(Records from a dataset)
== Segment start ==

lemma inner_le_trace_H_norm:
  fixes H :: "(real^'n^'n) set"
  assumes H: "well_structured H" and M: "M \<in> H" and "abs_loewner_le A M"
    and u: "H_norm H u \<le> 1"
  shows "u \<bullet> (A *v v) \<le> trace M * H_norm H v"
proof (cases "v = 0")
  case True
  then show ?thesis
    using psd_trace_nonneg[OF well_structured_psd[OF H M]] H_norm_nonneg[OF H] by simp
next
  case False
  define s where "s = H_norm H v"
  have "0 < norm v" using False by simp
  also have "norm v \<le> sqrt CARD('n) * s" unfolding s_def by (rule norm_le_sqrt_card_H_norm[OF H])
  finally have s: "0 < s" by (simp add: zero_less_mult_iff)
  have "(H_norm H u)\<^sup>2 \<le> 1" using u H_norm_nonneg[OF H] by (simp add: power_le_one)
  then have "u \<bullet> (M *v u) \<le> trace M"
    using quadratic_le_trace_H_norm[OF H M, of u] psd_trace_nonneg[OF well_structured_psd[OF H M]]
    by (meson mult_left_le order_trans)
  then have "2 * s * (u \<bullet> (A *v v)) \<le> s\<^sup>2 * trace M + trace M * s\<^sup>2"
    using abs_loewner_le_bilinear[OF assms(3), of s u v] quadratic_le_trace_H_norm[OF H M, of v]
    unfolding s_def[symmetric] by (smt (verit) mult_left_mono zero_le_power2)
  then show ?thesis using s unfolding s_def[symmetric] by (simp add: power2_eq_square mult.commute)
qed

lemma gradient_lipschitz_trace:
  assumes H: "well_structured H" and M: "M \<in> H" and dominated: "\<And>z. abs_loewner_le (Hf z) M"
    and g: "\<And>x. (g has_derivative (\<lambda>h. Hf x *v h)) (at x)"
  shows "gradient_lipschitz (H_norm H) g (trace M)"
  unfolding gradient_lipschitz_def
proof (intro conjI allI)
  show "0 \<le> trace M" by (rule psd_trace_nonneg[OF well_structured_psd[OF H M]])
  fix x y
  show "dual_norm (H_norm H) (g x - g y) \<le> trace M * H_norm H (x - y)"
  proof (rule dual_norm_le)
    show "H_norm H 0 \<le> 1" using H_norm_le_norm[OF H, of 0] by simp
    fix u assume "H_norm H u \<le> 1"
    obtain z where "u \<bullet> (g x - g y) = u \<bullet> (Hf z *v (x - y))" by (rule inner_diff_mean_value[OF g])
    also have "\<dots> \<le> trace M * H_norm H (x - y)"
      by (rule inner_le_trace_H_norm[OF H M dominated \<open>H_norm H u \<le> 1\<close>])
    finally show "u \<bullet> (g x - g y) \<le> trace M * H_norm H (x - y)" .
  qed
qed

== Segment end ==
== Segment start ==

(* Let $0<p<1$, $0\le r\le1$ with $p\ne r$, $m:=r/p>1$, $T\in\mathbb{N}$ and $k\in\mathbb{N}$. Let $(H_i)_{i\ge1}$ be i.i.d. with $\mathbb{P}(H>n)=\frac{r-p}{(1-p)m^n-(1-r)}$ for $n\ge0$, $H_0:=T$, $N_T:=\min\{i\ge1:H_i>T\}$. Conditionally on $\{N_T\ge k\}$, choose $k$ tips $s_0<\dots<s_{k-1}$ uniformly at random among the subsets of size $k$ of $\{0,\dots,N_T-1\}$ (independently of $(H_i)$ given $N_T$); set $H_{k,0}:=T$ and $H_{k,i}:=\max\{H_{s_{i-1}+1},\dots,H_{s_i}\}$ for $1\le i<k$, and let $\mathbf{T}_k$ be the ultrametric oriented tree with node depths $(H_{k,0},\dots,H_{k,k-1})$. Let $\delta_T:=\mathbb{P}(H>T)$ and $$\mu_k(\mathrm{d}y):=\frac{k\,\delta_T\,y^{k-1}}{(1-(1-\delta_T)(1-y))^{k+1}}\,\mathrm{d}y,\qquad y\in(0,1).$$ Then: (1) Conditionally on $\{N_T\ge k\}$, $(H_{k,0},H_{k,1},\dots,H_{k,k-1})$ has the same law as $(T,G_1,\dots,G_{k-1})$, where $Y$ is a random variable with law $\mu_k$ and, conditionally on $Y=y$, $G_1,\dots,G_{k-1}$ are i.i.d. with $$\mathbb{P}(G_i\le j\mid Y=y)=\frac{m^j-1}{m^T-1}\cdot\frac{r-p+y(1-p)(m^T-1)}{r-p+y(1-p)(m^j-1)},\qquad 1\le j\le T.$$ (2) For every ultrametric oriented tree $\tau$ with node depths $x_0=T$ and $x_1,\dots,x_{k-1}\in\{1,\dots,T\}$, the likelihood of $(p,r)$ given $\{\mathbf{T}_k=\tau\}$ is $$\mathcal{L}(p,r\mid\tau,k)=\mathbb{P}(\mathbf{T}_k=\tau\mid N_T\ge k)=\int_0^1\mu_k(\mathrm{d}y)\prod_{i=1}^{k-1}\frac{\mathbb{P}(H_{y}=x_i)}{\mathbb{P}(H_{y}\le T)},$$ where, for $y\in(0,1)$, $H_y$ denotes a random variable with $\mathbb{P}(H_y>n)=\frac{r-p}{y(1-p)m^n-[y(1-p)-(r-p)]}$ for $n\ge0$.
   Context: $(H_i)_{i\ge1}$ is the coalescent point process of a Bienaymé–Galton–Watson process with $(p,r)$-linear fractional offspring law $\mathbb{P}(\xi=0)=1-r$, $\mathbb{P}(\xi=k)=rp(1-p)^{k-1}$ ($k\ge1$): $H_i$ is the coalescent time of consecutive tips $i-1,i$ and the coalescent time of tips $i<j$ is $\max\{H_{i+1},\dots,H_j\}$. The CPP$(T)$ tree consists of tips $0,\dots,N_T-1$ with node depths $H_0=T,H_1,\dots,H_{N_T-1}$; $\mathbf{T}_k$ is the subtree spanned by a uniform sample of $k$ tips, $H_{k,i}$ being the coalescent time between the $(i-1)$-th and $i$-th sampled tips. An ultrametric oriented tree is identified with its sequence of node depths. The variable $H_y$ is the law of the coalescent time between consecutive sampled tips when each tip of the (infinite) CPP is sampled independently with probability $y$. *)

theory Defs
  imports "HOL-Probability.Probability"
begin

== Segment end ==

__What the task requires__
If a line in the entries holds the string "using", it belongs in the tally; state the tally alone.

__Finished task__
7